Favorite poker player: "Wow. Back in the day I thought Phil Ivey was an absolute god. I mean, he was the man. Nowadays, it's tough because I'm so entrenched in it. I admire a lot of players, and many of them are my friends. But I really still respect the old-school guys, like (Daniel) Negreanu and Ivey."

Favorite poker room: Bellagio, Aria Resort & Casino and The Venetian Las Vegas. "Even though it pains me to include Venetian because I hate Sheldon Adelson so much, those are the three I like the most. Not only are they very comfortable, but they are run by people who listen to and respect the players, and take what they have to say into account."

Favorite hobby, other than poker: "Music is a huge passion of mine. I don't play an instrument or anything, but I spend a lot of time online searching for new and obscure music. The last few years I've really got into EDM (electronic dance music), but I also like indie rock. It’s one of the reasons I love living in San Fran. There is a never-ending supply of live music to check out. "

Gordon Vayo was a fresh-faced 17-year-old senior at University High School in Illinois when one day, late in the school year, he was summoned to the principal's office.

The news delivered during that terse meeting still resonates with Vayo more than 10 years later.

"He told me I was expelled," remembers Vayo not-so-fondly. "There was no warning that it was coming. No explanation. He just told me very matter-of-factly that I had been expelled and wouldn't be graduating."

Vayo is the first to admit that he was far from a model student.

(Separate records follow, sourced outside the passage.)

lemma alternating_4_cycle_remove_edge:
  assumes "alternating_4_cycle_free V E" "a \<in> V" "b \<in> V" "c \<in> V" "d \<in> V"
    and "alternating_4_cycle (E - {e}) a b c d"
  shows "e = {d, a} \<or> e = {b, c}"
proof -
  have "\<not> alternating_4_cycle E a b c d"
    using assms(1-5) unfolding alternating_4_cycle_free_def by blast
  with assms(6) show ?thesis
    unfolding alternating_4_cycle_def by auto
qed

lemma alternating_4_cycle_orient:
  assumes "alternating_4_cycle E a b c d" "{u, v} = {d, a} \<or> {u, v} = {b, c}"
  obtains b' c' where "alternating_4_cycle E u b' c' v"
proof -
  consider "u = a" "v = d" | "u = d" "v = a" | "u = c" "v = b" | "u = b" "v = c"
    using assms(2) unfolding doubleton_eq_iff by blast
  then show thesis
  proof cases
    case 1
    then show thesis using that[of b c] assms(1) by simp
  next
    case 2
    then show thesis using that[of c b] assms(1) alternating_4_cycle_reverse[of E a b c d] by simp
  next
    case 3
    then show thesis using that[of d a] assms(1) alternating_4_cycle_rotate[of E c d a b] by simp
  next
    case 4
    then show thesis
      using that[of a d] assms(1) alternating_4_cycle_rotate[of E c d a b]
        alternating_4_cycle_reverse[of E c d a b] by simp
  qed
qed

lemma degree_minimal_edge_not_alternating_chord:
  assumes "simple_graph V E" "alternating_4_cycle_free V E" "alternating_4_cycle_free V (E - F)"
    and "{u, v} \<in> F"
    and u_min: "\<forall>w. w \<in> \<Union>F \<longrightarrow> degree E u \<le> degree E w"
    and v_min: "\<forall>w. {u, w} \<in> F \<longrightarrow> degree E v \<le> degree E w"
  shows "\<not> alternating_4_cycle (E - {{u, v}}) u b c v"
proof
  assume "alternating_4_cycle (E - {{u, v}}) u b c v"
  then have cycle: "distinct [u, b, c, v]" "{u, b} \<in> E" "{c, v} \<in> E" "{b, c} \<notin> E"
    unfolding alternating_4_cycle_def by (auto simp: doubleton_eq_iff)
  then have V: "b \<in> V" "c \<in> V"
    using simple_graph_edge_vertices[OF assms(1)] by blast+
  have "{c, b} \<notin> E" "{v, c} \<in> E"
    using cycle(3,4) by (simp_all add: insert_commute)
  have "degree E c < degree E u"
    using degree_less_if_private_neighbour[OF assms(1,2) cycle(2) \<open>{c, b} \<notin> E\<close> V(2)] cycle(1) by auto
  moreover have "degree E b < degree E v"
    using degree_less_if_private_neighbour[OF assms(1,2) \<open>{v, c} \<in> E\<close> cycle(4) V(1)] cycle(1) by auto
  moreover have "\<not> alternating_4_cycle (E - F) u b c v"
    using assms(3) V simple_graph_edge_vertices[OF assms(1)] cycle(2,3)
    unfolding alternating_4_cycle_free_def by blast
  then have "{u, b} \<in> F \<or> {c, v} \<in> F"
    using cycle assms(4) unfolding alternating_4_cycle_def by (auto simp: insert_commute)
  ultimately show False
  proof (elim disjE)
    assume "{u, b} \<in> F"
    with v_min \<open>degree E b < degree E v\<close> show False by fastforce
  next
    assume "{c, v} \<in> F"
    then have "c \<in> \<Union>F" by blast
    with u_min \<open>degree E c < degree E u\<close> show False by fastforce
  qed
qed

Sometime during his junior year he began to spend many more hours playing online poker than hitting the books, but he insists he wasn't a troublemaker and he was always respectful to his teachers. He also concedes that he would often show up late and he wasn't doing a lick of homework, but really, who could blame him? His online poker earnings were totaling well over $10,000 a month, more than his hard-working parents made combined as music directors.

Even still, being banished from school and not being allowed to graduate along with his friends hurt badly at the time, and still does today.

"I'm not one to hold grudges and I'm not a bitter person, in general," he told Casino City. "But I still have a chip on my shoulder about it because I still believe it was totally unwarranted."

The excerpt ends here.